(Saved data entries)
*****

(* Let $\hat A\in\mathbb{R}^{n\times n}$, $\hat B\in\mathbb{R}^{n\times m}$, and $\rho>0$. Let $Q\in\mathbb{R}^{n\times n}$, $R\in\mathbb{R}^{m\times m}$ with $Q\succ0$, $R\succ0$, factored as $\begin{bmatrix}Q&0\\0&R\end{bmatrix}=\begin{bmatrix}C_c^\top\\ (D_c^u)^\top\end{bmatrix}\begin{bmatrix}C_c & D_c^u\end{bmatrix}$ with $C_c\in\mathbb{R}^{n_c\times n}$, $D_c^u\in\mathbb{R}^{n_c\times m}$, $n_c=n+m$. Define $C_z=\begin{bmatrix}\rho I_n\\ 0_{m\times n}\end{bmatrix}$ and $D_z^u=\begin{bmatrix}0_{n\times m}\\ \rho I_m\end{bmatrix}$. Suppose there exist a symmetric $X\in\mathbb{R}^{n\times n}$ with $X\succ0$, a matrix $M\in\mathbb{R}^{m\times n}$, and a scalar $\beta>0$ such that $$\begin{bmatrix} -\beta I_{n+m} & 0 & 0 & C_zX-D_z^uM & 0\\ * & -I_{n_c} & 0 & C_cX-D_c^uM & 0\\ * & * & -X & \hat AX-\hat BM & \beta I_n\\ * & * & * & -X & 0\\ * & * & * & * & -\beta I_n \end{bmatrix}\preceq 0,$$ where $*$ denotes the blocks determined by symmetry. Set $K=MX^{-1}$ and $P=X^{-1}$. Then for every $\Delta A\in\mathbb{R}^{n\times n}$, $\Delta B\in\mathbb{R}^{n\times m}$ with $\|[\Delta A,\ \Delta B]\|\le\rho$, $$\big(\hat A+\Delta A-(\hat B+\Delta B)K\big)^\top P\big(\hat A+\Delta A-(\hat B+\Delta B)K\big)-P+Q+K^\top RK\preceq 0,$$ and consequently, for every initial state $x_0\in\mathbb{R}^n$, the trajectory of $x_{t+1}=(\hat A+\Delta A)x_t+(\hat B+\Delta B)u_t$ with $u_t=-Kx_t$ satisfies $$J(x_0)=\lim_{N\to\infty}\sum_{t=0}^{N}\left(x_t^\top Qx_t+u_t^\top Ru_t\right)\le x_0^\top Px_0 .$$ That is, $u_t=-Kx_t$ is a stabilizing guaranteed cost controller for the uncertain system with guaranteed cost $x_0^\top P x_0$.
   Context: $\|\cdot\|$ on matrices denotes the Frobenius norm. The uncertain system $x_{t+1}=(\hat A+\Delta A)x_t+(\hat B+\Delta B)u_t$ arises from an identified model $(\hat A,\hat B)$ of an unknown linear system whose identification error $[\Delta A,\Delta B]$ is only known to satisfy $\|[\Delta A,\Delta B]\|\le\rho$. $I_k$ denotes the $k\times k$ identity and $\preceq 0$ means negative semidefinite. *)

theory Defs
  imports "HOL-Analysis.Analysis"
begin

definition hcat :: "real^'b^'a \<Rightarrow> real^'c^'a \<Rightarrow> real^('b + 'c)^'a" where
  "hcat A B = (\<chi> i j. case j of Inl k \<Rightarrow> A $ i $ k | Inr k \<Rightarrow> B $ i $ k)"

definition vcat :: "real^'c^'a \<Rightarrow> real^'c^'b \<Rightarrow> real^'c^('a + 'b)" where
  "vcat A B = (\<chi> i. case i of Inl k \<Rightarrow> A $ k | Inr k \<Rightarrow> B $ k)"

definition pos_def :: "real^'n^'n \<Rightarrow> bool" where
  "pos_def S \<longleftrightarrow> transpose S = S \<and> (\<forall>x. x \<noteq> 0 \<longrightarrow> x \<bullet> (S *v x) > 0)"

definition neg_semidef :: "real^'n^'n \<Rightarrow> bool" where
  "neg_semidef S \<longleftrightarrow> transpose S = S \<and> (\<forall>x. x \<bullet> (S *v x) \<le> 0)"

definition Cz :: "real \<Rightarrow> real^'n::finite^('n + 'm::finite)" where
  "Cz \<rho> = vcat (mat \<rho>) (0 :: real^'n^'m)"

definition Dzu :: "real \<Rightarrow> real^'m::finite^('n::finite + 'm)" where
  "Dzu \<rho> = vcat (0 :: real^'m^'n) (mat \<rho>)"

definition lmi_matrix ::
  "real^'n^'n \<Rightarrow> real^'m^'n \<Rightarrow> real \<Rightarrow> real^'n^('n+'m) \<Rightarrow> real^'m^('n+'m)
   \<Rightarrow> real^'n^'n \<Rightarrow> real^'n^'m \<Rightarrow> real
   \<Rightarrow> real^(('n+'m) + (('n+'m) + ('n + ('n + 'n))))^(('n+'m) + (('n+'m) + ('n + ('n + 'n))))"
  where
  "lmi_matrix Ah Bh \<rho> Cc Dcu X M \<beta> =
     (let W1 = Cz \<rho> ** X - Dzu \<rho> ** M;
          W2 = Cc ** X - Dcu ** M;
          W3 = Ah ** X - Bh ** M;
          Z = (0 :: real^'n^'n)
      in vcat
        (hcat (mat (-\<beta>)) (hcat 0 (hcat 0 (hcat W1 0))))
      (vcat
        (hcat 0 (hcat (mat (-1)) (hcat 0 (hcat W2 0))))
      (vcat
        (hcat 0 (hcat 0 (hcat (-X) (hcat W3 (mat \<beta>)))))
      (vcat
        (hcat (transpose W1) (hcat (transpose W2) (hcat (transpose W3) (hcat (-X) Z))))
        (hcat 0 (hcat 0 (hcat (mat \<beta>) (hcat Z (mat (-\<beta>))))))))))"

*****

* WHAT IS REQUIRED
Throughout the data above, copy all lines where the word "forall" is found.

* REPLY TO THE TASK
  "pos_def S \<longleftrightarrow> transpose S = S \<and> (\<forall>x. x \<noteq> 0 \<longrightarrow> x \<bullet> (S *v x) > 0)"
  "neg_semidef S \<longleftrightarrow> transpose S = S \<and> (\<forall>x. x \<bullet> (S *v x) \<le> 0)"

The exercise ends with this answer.